Well, that was odd. Last night, as I walked into a bar in the throes of "trivia night", the emcee was just calling out the first question:
"What band, famous for its hit song 'Love Shack', recorded the theme to the cartoon 'Rocko's Modern Life'?"
My brain did the weird clicking thing it does whenever it experiences cognitive dissonance, because I actually played on that recording (as well as the soundtrack for many of the Rocko's cartoons...and, for that matter, a ton of other recordings, including serving as the Sound of Obligatory Panic in Jacques Cousteau's final program).
Normally I'd just enjoy the coincidence with a demure smirk, but for some reason, perhaps due to the momentum of having just walked in the door, I strode up to the emcee (whose microphone was off at this point) and told him I'd played on the recording. "What the...! Congratulations!" he beamed, shaking my hand. And there was nothing else for me to do but slink to the bar, a bit embarrassed. I obviously couldn't, like, just tell him again.

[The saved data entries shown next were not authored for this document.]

lemma conv_abs_series_if_terms_tendsto_0:
  assumes "(\<lambda>n. av (f n)) \<longlonglongrightarrow> 0"
  shows "\<exists>l. conv_abs av (\<lambda>N. \<Sum>n<N. f n) l"
proof -
  let ?s = "\<lambda>N. \<Sum>n<N. f n"
  have "\<exists>N. \<forall>m\<ge>N. \<forall>n\<ge>N. av (?s m - ?s n) < \<epsilon>" if "\<epsilon> > 0" for \<epsilon>
  proof -
    obtain N where N: "\<And>n. N \<le> n \<Longrightarrow> av (f n) \<le> \<epsilon> / 2"
      using LIMSEQ_0_eventually_le[OF assms] \<open>\<epsilon> > 0\<close> half_gt_zero by blast
    have ordered: "av (?s m - ?s n) \<le> \<epsilon> / 2" if "N \<le> n" "n \<le> m" for m n
      using that N \<open>\<epsilon> > 0\<close> by (intro av_sum_diff_le) auto
    show ?thesis
    proof (intro exI allI impI)
      fix m n
      assume "N \<le> m" "N \<le> n"
      then have "av (?s m - ?s n) \<le> \<epsilon> / 2"
        using ordered[of n m] ordered[of m n] av_diff_commute[of "?s m" "?s n"] by (cases "n \<le> m") auto
      with \<open>\<epsilon> > 0\<close> show "av (?s m - ?s n) < \<epsilon>"
        by linarith
    qed
  qed
  then have "\<forall>\<epsilon>>0. \<exists>N. \<forall>m\<ge>N. \<forall>n\<ge>N. av (?s m - ?s n) < \<epsilon>"
    by blast
  then show ?thesis
    using complete unfolding complete_abs_def by (elim allE[of _ ?s]) blast
qed

definition shift_coeff where
  "shift_coeff e b k = (SOME l. conv_abs av (\<lambda>N. \<Sum>n<N. shift_term e b k n) l)"

lemma conv_abs_shift_coeff:
  assumes "entire_repr av e G"
  shows "conv_abs av (\<lambda>N. \<Sum>n<N. shift_term e b k n) (shift_coeff e b k)"
  unfolding shift_coeff_def
proof (rule someI_ex, rule conv_abs_series_if_terms_tendsto_0)
  let ?R = "max (av b) 1"
  show "(\<lambda>n. av (shift_term e b k n)) \<longlonglongrightarrow> 0"
  proof (rule Lim_null_comparison[OF always_eventually])
    show "(\<lambda>n. av (e n) * ?R ^ n) \<longlonglongrightarrow> 0"
      by (rule entire_repr_terms_tendsto_0[OF assms]) simp
    show "\<forall>n. norm (av (shift_term e b k n)) \<le> av (e n) * ?R ^ n"
      using av_shift_term_le[of b ?R 1] by simp
  qed
qed

lemma shift_coeff_le_mu:
  assumes "entire_repr av e G" "av b < \<rho>"
  shows "av (shift_coeff e b k) * \<rho> ^ k \<le> mu av \<rho> e"
proof -
  have \<rho>: "\<rho> > 0"
    using assms(2) av_nonneg[of b] by linarith
  have "av (shift_term e b k n) \<le> mu av \<rho> e / \<rho> ^ k" for n
  proof -
    have "av (shift_term e b k n) * \<rho> ^ k \<le> av (e n) * \<rho> ^ n"
      using av_shift_term_le[of b \<rho> \<rho>] assms(2) \<rho> by simp
    also have "\<dots> \<le> mu av \<rho> e"
      using mu_upper[OF assms(1)] \<rho> by simp
    finally show ?thesis
      using \<rho> by (simp add: pos_le_divide_eq)
  qed
  then have "av (shift_coeff e b k - 0) \<le> mu av \<rho> e / \<rho> ^ k"
    using mu_nonneg[OF assms(1)] \<rho>
    by (intro conv_abs_limit_le[OF conv_abs_shift_coeff[OF assms(1)], where N = 0]) (auto intro: av_sum_le)
  with \<rho> show ?thesis
    by (simp add: pos_le_divide_eq)
qed

text \<open>
  Rearranging the double series: the first \<open>N\<close> rows \<open>e\<^sub>n (z + b)\<^sup>n\<close> are finite sums over
  \<open>k\<close>, and each column tail beyond \<open>N\<close> is bounded by the row bound \<open>\<eta>\<close>.
\<close>
lemma shift_coeff_partial_sum_near:
  assumes E: "entire_repr av e G"
    and tail: "\<And>n. N \<le> n \<Longrightarrow> av (e n) * \<rho> ^ n \<le> \<eta>"
    and bz: "av b \<le> \<rho>" "av z \<le> \<rho>" and "\<eta> \<ge> 0" "N \<le> K"
  shows "av ((\<Sum>k<K. shift_coeff e b k * z ^ k) - (\<Sum>n<N. e n * (z + b) ^ n)) \<le> \<eta>"
proof -
  define t where "t n k = shift_term e b k n * z ^ k" for n k
  have "(\<Sum>n<N. e n * (z + b) ^ n) = (\<Sum>n<N. \<Sum>k<K. t n k)"
    using \<open>N \<le> K\<close> by (intro sum.cong) (auto simp: t_def sum_shift_term_binomial)
  then have "(\<Sum>k<K. shift_coeff e b k * z ^ k) - (\<Sum>n<N. e n * (z + b) ^ n)
      = (\<Sum>k<K. shift_coeff e b k * z ^ k - (\<Sum>n<N. t n k))"
    by (simp add: sum.swap[of _ "{..<N}"] sum_subtractf)
  also have "av \<dots> \<le> \<eta>"
  proof (intro av_sum_le \<open>\<eta> \<ge> 0\<close>)
    fix k
    have "conv_abs av (\<lambda>M. \<Sum>n<M. t n k) (shift_coeff e b k * z ^ k)"
      using conv_abs_mult_right[OF conv_abs_shift_coeff[OF E]]
      unfolding t_def by (simp add: sum_distrib_right)
    moreover have "av (t n k) \<le> \<eta>" if "N \<le> n" for n
      using av_shift_term_le[OF bz(1) av_nonneg bz(2), of e k n] tail[OF that]
      unfolding t_def av_mult av_power by linarith
    ultimately show "av (shift_coeff e b k * z ^ k - (\<Sum>n<N. t n k)) \<le> \<eta>"
      using \<open>\<eta> \<ge> 0\<close> by (rule conv_abs_series_tail_le)
  qed
  finally show ?thesis .
qed

lemma entire_repr_shift:
  assumes E: "entire_repr av e G"
  shows "entire_repr av (shift_coeff e b) (\<lambda>z. G (z + b))"
  unfolding entire_repr_def conv_abs_def
proof (intro allI LIMSEQ_I)
  fix z and \<epsilon> :: real
  assume "0 < \<epsilon>"
  define \<rho> where "\<rho> = max (av b) (av z)"
  have "(\<lambda>n. av (e n) * \<rho> ^ n) \<longlonglongrightarrow> 0"
    by (rule entire_repr_terms_tendsto_0[OF E]) (simp add: \<rho>_def le_max_iff_disj)
  then obtain N where N: "\<And>n. N \<le> n \<Longrightarrow> av (e n) * \<rho> ^ n \<le> \<epsilon> / 2"
    using LIMSEQ_0_eventually_le \<open>0 < \<epsilon>\<close> half_gt_zero by blast
  let ?P = "\<Sum>n<N. e n * (z + b) ^ n"
  have tail: "av (G (z + b) - ?P) \<le> \<epsilon> / 2"
  proof (rule conv_abs_series_tail_le)
    show "conv_abs av (\<lambda>M. \<Sum>n<M. e n * (z + b) ^ n) (G (z + b))"
      using E unfolding entire_repr_def by blast
    have "av (z + b) \<le> \<rho>"
      using av_add_le[of z b] unfolding \<rho>_def by auto
    then have "av (e n) * av (z + b) ^ n \<le> av (e n) * \<rho> ^ n" for n
      by (intro mult_left_mono power_mono) auto
    then show "av (e n * (z + b) ^ n) \<le> \<epsilon> / 2" if "N \<le> n" for n
      using N[OF that] unfolding av_mult av_power by (meson order_trans)
  qed (use \<open>0 < \<epsilon>\<close> in simp)
  show "\<exists>N. \<forall>K\<ge>N. norm (av ((\<Sum>k<K. shift_coeff e b k * z ^ k) - G (z + b)) - 0) < \<epsilon>"
  proof (intro exI allI impI)
    fix K
    assume "N \<le> K"
    let ?S = "\<Sum>k<K. shift_coeff e b k * z ^ k"
    have "av (?S - ?P) \<le> \<epsilon> / 2"
      using \<open>0 < \<epsilon>\<close> \<open>N \<le> K\<close> by (intro shift_coeff_partial_sum_near[OF E N]) (auto simp: \<rho>_def)
    have "av (?S - G (z + b)) \<le> max (av (?S - ?P)) (av (?P - G (z + b)))"
      by (rule av_diff_triangle)
    also have "\<dots> \<le> \<epsilon> / 2"
      using \<open>av (?S - ?P) \<le> \<epsilon> / 2\<close> tail av_diff_commute[of "G (z + b)" ?P] by simp
    finally have "av (?S - G (z + b)) \<le> \<epsilon> / 2" .
    with \<open>0 < \<epsilon>\<close> show "norm (av (?S - G (z + b)) - 0) < \<epsilon>"
      by simp
  qed
qed

lemma entire_repr_affine:
  assumes E: "entire_repr av e G" and a: "a \<noteq> 0" "av a \<le> 1" and r: "av b / av a < r"
  shows "\<exists>d. entire_repr av d (\<lambda>z. G (a * z + b)) \<and> mu av r d \<le> mu av r e"
proof (intro exI conjI)
  have "av b < av a * r" and "r \<ge> 0"
    using affine_radius[OF a(1) r] by auto
  show "entire_repr av (\<lambda>n. shift_coeff e b n * a ^ n) (\<lambda>z. G (a * z + b))"
    using entire_repr_scale[OF entire_repr_shift[OF E]] by simp
  show "mu av r (\<lambda>n. shift_coeff e b n * a ^ n) \<le> mu av r e"
  proof (rule mu_least)
    fix n
    have "av (shift_coeff e b n * a ^ n) * r ^ n = av (shift_coeff e b n) * (av a * r) ^ n"
      by (simp add: av_mult power_mult_distrib)
    also have "\<dots> \<le> mu av (av a * r) e"
      using shift_coeff_le_mu[OF E \<open>av b < av a * r\<close>] .
    also have "\<dots> \<le> mu av r e"
      using \<open>r \<ge> 0\<close> a by (intro mu_mono[OF E]) (auto intro: mult_left_le_one_le)
    finally show "av (shift_coeff e b n * a ^ n) * r ^ n \<le> mu av r e" .
  qed
qed

lemma entire_repr_diffL_power:
  assumes E: "entire_repr av c F" and a: "a \<noteq> 0" "av a \<le> 1" and r: "av b / av a < r"
  shows "\<exists>d. entire_repr av d ((diffL (\<lambda>z. a * z + b) ^^ m) F) \<and> mu av r d \<le> mu av r c"
proof (induct m)
  case 0
  show ?case
    using E by auto
next
  case (Suc m)
  define H where "H = (diffL (\<lambda>z. a * z + b) ^^ m) F"
  obtain d where d: "entire_repr av d H" "mu av r d \<le> mu av r c"
    using Suc unfolding H_def by blast
  obtain d' where d': "entire_repr av d' (\<lambda>z. H (a * z + b))" "mu av r d' \<le> mu av r d"
    using entire_repr_affine[OF d(1) a r] by blast
  have "r \<ge> 0"
    using affine_radius[OF a(1) r] by simp
  have "mu av r (\<lambda>n. d' n - d n) \<le> mu av r c"
  proof (rule mu_least)
    fix n
    have "av (d' n - d n) * r ^ n \<le> max (av (d' n)) (av (d n)) * r ^ n"
      using \<open>r \<ge> 0\<close> by (intro mult_right_mono av_diff_le) simp
    also have "\<dots> \<le> mu av r c"
      using mu_upper[OF d'(1) \<open>r \<ge> 0\<close>, of n] mu_upper[OF d(1) \<open>r \<ge> 0\<close>, of n] d(2) d'(2)
      by (simp add: max_def)
    finally show "av (d' n - d n) * r ^ n \<le> mu av r c" .
  qed
  moreover have "(diffL (\<lambda>z. a * z + b) ^^ Suc m) F = (\<lambda>z. H (a * z + b) - H z)"
    unfolding H_def by (simp add: diffL_def)
  ultimately show ?case
    using entire_repr_diff[OF d'(1) d(1)] by auto
qed

end

theorem lemma2p1:
  fixes av :: "'k::field_char_0 \<Rightarrow> real"
    and a b :: 'k and c :: "nat \<Rightarrow> 'k" and F :: "'k \<Rightarrow> 'k" and m :: nat and r :: real
  assumes "nonarch_abs av" and "nontrivial_abs av" and "complete_abs av"
    and "alg_closed_field TYPE('k)"
    and "a \<noteq> 0" and "av a \<le> 1"
    and "entire_repr av c F" and "\<exists>z. F z \<noteq> 0"
    and "m > 0"
    and "r > av b / av a"
  shows "(\<exists>d. entire_repr av d (\<lambda>z. F (a * z + b)))
       \<and> (\<forall>d. entire_repr av d (\<lambda>z. F (a * z + b)) \<longrightarrow>
              mu av r d \<le> mu av r c \<and> mu av r d / mu av r c \<le> 1)
       \<and> (\<exists>d. entire_repr av d ((diffL (\<lambda>z. a * z + b) ^^ m) F))
       \<and> (\<forall>d. entire_repr av d ((diffL (\<lambda>z. a * z + b) ^^ m) F) \<longrightarrow>
              mu av r d / mu av r c \<le> 1)"
proof -
  interpret complete_nonarch_field av
    using assms(1-3) by unfold_locales auto
  note a = assms(5,6) and E = assms(7) and r = assms(10)
  have "r > 0"
    using affine_radius[OF a(1) r] by simp
  then have mu_c: "mu av r c > 0"
    using mu_pos[OF E] assms(8) by blast
  obtain d0 where d0: "entire_repr av d0 (\<lambda>z. F (a * z + b))" "mu av r d0 \<le> mu av r c"
    using entire_repr_affine[OF E a r] by blast
  obtain dm where dm: "entire_repr av dm ((diffL (\<lambda>z. a * z + b) ^^ m) F)" "mu av r dm \<le> mu av r c"
    using entire_repr_diffL_power[OF E a r] by blast
  have "mu av r d \<le> mu av r c" if "entire_repr av d (\<lambda>z. F (a * z + b))" for d
    using entire_repr_unique[OF that d0(1)] d0(2) by simp
  moreover have "mu av r d \<le> mu av r c" if "entire_repr av d ((diffL (\<lambda>z. a * z + b) ^^ m) F)" for d
    using entire_repr_unique[OF that dm(1)] dm(2) by simp
  ultimately show ?thesis
    using d0(1) dm(1) mu_c by simp blast
qed
lemma rayleigh_bound_le_inner_subgradient:
  assumes "ereal l \<le> lambda1 p J" and "u 0 \<in> H0 J" and "0 < t" and "t < extinction_time u"
  shows "l * norm (u t) powr p \<le> \<zeta> t \<bullet> u t"
proof -
  have H0: "u t \<in> H0 J" using flow_in_H0 assms(2-4) by simp
  then have "ereal (l * norm (u t) powr p) \<le> ereal p * J (u t)"
    using order_trans[OF assms(1) INF_lower[OF H0, of "rayleigh p J", folded lambda1_def]]
    by (simp add: le_rayleigh_iff H0_def)
  also have "\<dots> \<le> ereal (\<zeta> t \<bullet> u t)"
    using subdiff_euler_ineq[OF homogeneous subgradient J_flow_eq_ereal] \<open>0 < t\<close>
    by (subst J_flow_eq_ereal) auto
  finally show ?thesis by simp
qed

definition lyapunov :: "real \<Rightarrow> real \<Rightarrow> real" where
  "lyapunov l s = norm (u s) powr (2 - p) + (2 - p) * l * s"

lemma lyapunov_has_derivative:
  assumes "0 < t" and "u t \<noteq> 0"
  shows "(lyapunov l has_real_derivative (2 - p) * (l - (\<zeta> t \<bullet> u t) / norm (u t) powr p))
           (at t within {t..})"
proof -
  have "((\<lambda>s. (2 - p) * l * s) has_real_derivative (2 - p) * l) (at t within {t..})"
    by (auto intro!: derivative_eq_intros)
  from DERIV_add[OF norm_powr_flow_has_derivative[OF assms, of "2 - p"] this]
  show ?thesis
    unfolding lyapunov_def[abs_def]
    by (rule DERIV_cong) (use assms(2) in \<open>simp add: powr_minus_divide field_simps\<close>)
qed
(* Let $\mathcal{P}$ be a profile of unrooted phylogenetic trees whose display graph $G(\mathcal{P})$ is connected. Let $F$ be a nice minimal cut of $G(\mathcal{P})$ and let $G_1,G_2$ be the two connected components of $G(\mathcal{P})-F$. Then $\mathcal{L}(G_1)|\mathcal{L}(G_2)$ is a split of $\mathcal{L}(\mathcal{P})$, where $\mathcal{L}(G_i)$ denotes the set of leaves (elements of $\mathcal{L}(\mathcal{P})$) in $G_i$.
   Context: A phylogenetic tree $T$ is an unrooted tree whose leaves are bijectively labeled by $\mathcal{L}(T)$ (leaves identified with labels; internal vertices have degree at least three). A profile $\mathcal{P}=\{T_1,\dots,T_k\}$ is a finite collection of phylogenetic trees, $\mathcal{L}(\mathcal{P})=\bigcup_i\mathcal{L}(T_i)$; internal vertices of distinct trees are disjoint, while leaves with the same label are the same vertex. The display graph $G(\mathcal{P})$ has vertex set $\bigcup_i V(T_i)$ and edge set $\bigcup_i E(T_i)$. For a vertex $u$ of an input tree, $\mathrm{Inc}(u)$ is the set of edges of $G(\mathcal{P})$ incident with $u$. A split of a set $L$ is a bipartition of $L$ into two nonempty sets. A cut of a connected graph $G$ is $F\subseteq E(G)$ with $G-F$ disconnected; minimal if no proper subset is a cut (then $G-F$ has exactly two components). A cut $F$ of $G(\mathcal{P})$ is legal if for every $T\in\mathcal{P}$ there is $u\in V(T)$ with $F\cap E(T)\subseteq\mathrm{Inc}(u)$; nice if legal and every component of $G(\mathcal{P})-F$ contains at least one edge. *)

theory Defs
  imports Main
begin

text \<open>Undirected graphs are pairs (V, E) with E a set of 2-element subsets of V.
A (phylogenetic) tree is such a pair; its leaves (= labels) are its vertices of degree at most 1.\<close>

type_synonym 'v graph = "'v set \<times> 'v set set"

definition verts :: "'v graph \<Rightarrow> 'v set" where "verts G = fst G"
definition edges :: "'v graph \<Rightarrow> 'v set set" where "edges G = snd G"

definition adj :: "'v set set \<Rightarrow> ('v \<times> 'v) set" where
  "adj E = {(u, v). {u, v} \<in> E \<and> u \<noteq> v}"

definition wf_graph :: "'v set \<Rightarrow> 'v set set \<Rightarrow> bool" where
  "wf_graph V E \<longleftrightarrow> (\<forall>e\<in>E. \<exists>u v. u \<noteq> v \<and> e = {u, v} \<and> u \<in> V \<and> v \<in> V)"

definition connected_graph :: "'v set \<Rightarrow> 'v set set \<Rightarrow> bool" where
  "connected_graph V E \<longleftrightarrow> V \<noteq> {} \<and> (\<forall>u\<in>V. \<forall>v\<in>V. (u, v) \<in> (adj E)\<^sup>*)"

text \<open>A tree: finite, connected, and acyclic (every edge is a bridge).\<close>
definition is_tree :: "'v set \<Rightarrow> 'v set set \<Rightarrow> bool" where
  "is_tree V E \<longleftrightarrow> finite V \<and> wf_graph V E \<and> connected_graph V E \<and>
     (\<forall>e\<in>E. \<not> connected_graph V (E - {e}))"

definition degree :: "'v set set \<Rightarrow> 'v \<Rightarrow> nat" where
  "degree E v = card {e \<in> E. v \<in> e}"

definition leaves :: "'v graph \<Rightarrow> 'v set" where
  "leaves T = {v \<in> verts T. degree (edges T) v \<le> 1}"

text \<open>Unrooted phylogenetic tree: leaves identified with their labels; internal
vertices have degree at least three.\<close>
definition phylo_tree :: "'v graph \<Rightarrow> bool" where
  "phylo_tree T \<longleftrightarrow> is_tree (verts T) (edges T) \<and>
     (\<forall>v\<in>verts T - leaves T. degree (edges T) v \<ge> 3)"

definition profile :: "'v graph set \<Rightarrow> bool" where
  "profile P \<longleftrightarrow> finite P \<and> (\<forall>T\<in>P. phylo_tree T) \<and>
     (\<forall>T\<in>P. \<forall>T'\<in>P. T \<noteq> T' \<longrightarrow> verts T \<inter> verts T' \<subseteq> leaves T \<inter> leaves T')"

definition labels :: "'v graph set \<Rightarrow> 'v set" where
  "labels P = (\<Union>T\<in>P. leaves T)"

definition display_graph :: "'v graph set \<Rightarrow> 'v graph" where
  "display_graph P = ((\<Union>T\<in>P. verts T), (\<Union>T\<in>P. edges T))"

definition Inc :: "'v graph set \<Rightarrow> 'v \<Rightarrow> 'v set set" where
  "Inc P u = {e \<in> edges (display_graph P). u \<in> e}"

definition is_cut :: "'v graph \<Rightarrow> 'v set set \<Rightarrow> bool" where
  "is_cut G F \<longleftrightarrow> F \<subseteq> edges G \<and> \<not> connected_graph (verts G) (edges G - F)"

definition minimal_cut :: "'v graph \<Rightarrow> 'v set set \<Rightarrow> bool" where
  "minimal_cut G F \<longleftrightarrow> is_cut G F \<and> (\<forall>F'. F' \<subset> F \<longrightarrow> \<not> is_cut G F')"

definition component :: "'v set \<Rightarrow> 'v set set \<Rightarrow> 'v set \<Rightarrow> bool" where
  "component V E C \<longleftrightarrow> (\<exists>v\<in>V. C = {u \<in> V. (v, u) \<in> (adj E)\<^sup>*})"

definition legal_cut :: "'v graph set \<Rightarrow> 'v set set \<Rightarrow> bool" where
  "legal_cut P F \<longleftrightarrow> is_cut (display_graph P) F \<and>
     (\<forall>T\<in>P. \<exists>u\<in>verts T. F \<inter> edges T \<subseteq> Inc P u)"

definition nice_cut :: "'v graph set \<Rightarrow> 'v set set \<Rightarrow> bool" where
  "nice_cut P F \<longleftrightarrow> legal_cut P F \<and>
     (\<forall>C. component (verts (display_graph P)) (edges (display_graph P) - F) C \<longrightarrow>
        (\<exists>e \<in> edges (display_graph P) - F. e \<subseteq> C))"

definition is_split :: "'v set \<Rightarrow> 'v set \<Rightarrow> 'v set \<Rightarrow> bool" where
  "is_split L A B \<longleftrightarrow> A \<noteq> {} \<and> B \<noteq> {} \<and> A \<inter> B = {} \<and> A \<union> B = L"

end

theory Submission
  imports Defs
begin

text \<open>Every component of \<open>G(\<P>) - F\<close> contains an edge of some tree \<open>T\<close> not in \<open>F\<close>; since all
edges of \<open>F \<inter> E(T)\<close> meet in one vertex \<open>u\<close>, the subgraph of \<open>T - F\<close> spanned inside the
component is a nonempty subforest, which has a vertex of degree at most one other than \<open>u\<close>.
That vertex lost at most one edge to the cut, so it cannot be an internal vertex (degree \<open>\<ge> 3\<close>)
and is a leaf. Hence both sides are nonempty. They cover all labels because removing one edge
from a minimal cut reconnects the graph, so every component reaches an endpoint of that edge,
and there are exactly two components.\<close>

definition neighbours :: "'v set set \<Rightarrow> 'v \<Rightarrow> 'v set" where
  "neighbours E w = {x. {w, x} \<in> E \<and> x \<noteq> w}"

fun walk :: "'v set set \<Rightarrow> 'v list \<Rightarrow> bool" where
  "walk E (x # y # xs) \<longleftrightarrow> {x, y} \<in> E \<and> walk E (y # xs)"
| "walk E _ \<longleftrightarrow> True"

lemma walk_snoc: "walk E (xs @ [y]) \<longleftrightarrow> walk E xs \<and> (xs \<noteq> [] \<longrightarrow> {last xs, y} \<in> E)"
  by (induction E xs rule: walk.induct) auto

lemma walk_rev: "walk E (rev xs) \<longleftrightarrow> walk E xs"
proof (induction xs)
  case (Cons x xs)
  have "walk E (rev (x # xs)) \<longleftrightarrow> walk E xs \<and> (xs \<noteq> [] \<longrightarrow> {hd xs, x} \<in> E)"
    by (simp only: rev.simps walk_snoc Cons.IH) (simp add: last_rev)
  then show ?case by (cases xs) (auto simp: insert_commute)
qed simp

lemma walk_avoiding: "walk E xs \<Longrightarrow> a \<notin> set xs \<Longrightarrow> walk (E - {f. a \<in> f}) xs"
  by (induction E xs rule: walk.induct) auto

lemma walk_set_subset: "walk E (x # y # xs) \<Longrightarrow> set (x # y # xs) \<subseteq> \<Union>E"
  by (induction xs arbitrary: x y) auto

lemma walk_reach: "walk E xs \<Longrightarrow> y \<in> set xs \<Longrightarrow> (hd xs, y) \<in> (adj E)\<^sup>*"
proof (induction E xs rule: walk.induct)
  case (1 E x z xs)
  show ?case
  proof (cases "y = x \<or> z = x")
    case False
    then have "(z, y) \<in> (adj E)\<^sup>*" "(x, z) \<in> adj E" using 1 by (auto simp: adj_def)
    then show ?thesis by (simp add: converse_rtrancl_into_rtrancl)
  qed (use 1 in auto)
qed auto

lemma reach_sym: "(x, y) \<in> (adj E)\<^sup>* \<Longrightarrow> (y, x) \<in> (adj E)\<^sup>*"
proof -
  have "sym (adj E)" by (auto simp: sym_def adj_def insert_commute)
  then show "(x, y) \<in> (adj E)\<^sup>* \<Longrightarrow> (y, x) \<in> (adj E)\<^sup>*" by (meson sym_rtrancl symD)
qed
lemma speed_event_of_subtree:
  assumes "0 < a" and "visits 0 y z W v" and "subtree v W \<in> speed_event a z"
  shows "W \<in> speed_event a y"
  unfolding speed_event_iff
proof (intro allI impI)
  fix c :: rat assume "real_of_rat c < a"
  with \<open>0 < a\<close> obtain c' :: rat where "max (real_of_rat c) 0 < real_of_rat c'" "real_of_rat c' < a"
    using of_rat_dense by (metis max_less_iff_conj)
  then show "outruns (real_of_rat c) y W"
    using assms by (intro outruns_of_subtree[of y z W v _ "real_of_rat c'"]) (auto simp: speed_event_iff)
qed

lemma q_le_of_AE_visit:
  assumes "0 < a" and visit: "AE W in brw_space lam kap \<mu>. \<exists>u. visits 0 y z W u"
  shows "q lam kap \<mu> a z \<le> q lam kap \<mu> a y"
proof -
  let ?M = "brw_space lam kap \<mu>"
  interpret M: prob_space ?M by (rule prob_space_brw)
  have "measure ?M (space ?M - speed_event a y)
      \<le> measure ?M (space ?M) * measure ?M (space ?M - speed_event a z)"
  proof (rule measure_le_mult_first_visit[OF _ _ _ visit])
    fix v w1 w2
    assume "graft v (w1, w2) \<in> space ?M - speed_event a y"
      and "graft v (w1, w2) \<in> first_visit 0 y z v"
    then have "w2 \<notin> speed_event a z"
      using speed_event_of_subtree[OF \<open>0 < a\<close>, of y z "graft v (w1, w2)" v]
      by (auto simp: first_visit_def subtree_graft)
    then show "w1 \<in> space ?M \<and> w2 \<in> space ?M - speed_event a z" by simp
  qed (use sets.top[of ?M] in \<open>auto intro!: sets.Diff\<close>)
  then show ?thesis
    unfolding q_def using M.prob_compl[of "speed_event a y"] M.prob_compl[of "speed_event a z"]
      M.prob_space by simp
qed

lemma set_pmf_step_child:
  assumes "0 < lam" and "i < kap x"
  shows "x @ [i] \<in> set_pmf (step lam kap x)"
proof -
  have child: "x @ [i] \<in> set_pmf (map_pmf (\<lambda>i. x @ [i]) (pmf_of_set {..<kap x}))"
    using assms by (subst set_map_pmf, subst set_pmf_of_set) auto
  show ?thesis
  proof (cases "x = []")
    case False
    have "0 < lam / (lam + real (kap x))" "lam / (lam + real (kap x)) < 1"
      using assms by auto
    then have coin: "False \<in> set_pmf (bernoulli_pmf (lam / (lam + real (kap x))))"
      by (simp add: set_pmf_iff)
    show ?thesis
      unfolding step_def if_not_P[OF False] set_bind_pmf by (rule UN_I[OF coin]) (use child in simp)
  qed (use child in \<open>simp add: step_def\<close>)
qed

So I sipped at my Koutska (a particularly rare and wonderful Czech pilsener), trying to retract back into my signature shlubby anonymity. But it was hard to bridge the seeming height of being the guy who walked in the bar in mid-question to announce that he was, in fact, the subject of the discussion. Cool, right? But, suddenly, I realized: it was a trivia question! Finding oneself a tangential part of the answer to a trivia question is, by its very definition, non-huge.
I'd heard earlier that day that the father of the Beach Boys was an unsuccessful musician whose sole claim to fame was having one of his compositions performed on the Lawrence Welk show. That actually didn't sound like failure to me, unless one's threshold of song-writing success is "California Girls". The public is so strange on these issues. Similarly, I don't see why JD Salinger should be considered odd for having chosen to live a private life and write for himself. If not being in the public light makes someone a whack-job, what does that say about all of us?
My perspective kept flicking back and forth, as if viewing a concave/convex optical illusion. Embarrassed hotshot...flattered footnote...embarrassed hotshot...flattered footnote (for a similar disjunction, see my weird, ambivalent Christmas Eve story).
The other strange thing: when I first recorded that soundtrack in the early 1990's, I could impress any ten year old with the credit. Now I looked around the bar, and everyone was 35. I felt like a character in Toy Story 3. Too much trippiness...fortunately beer was immediately available...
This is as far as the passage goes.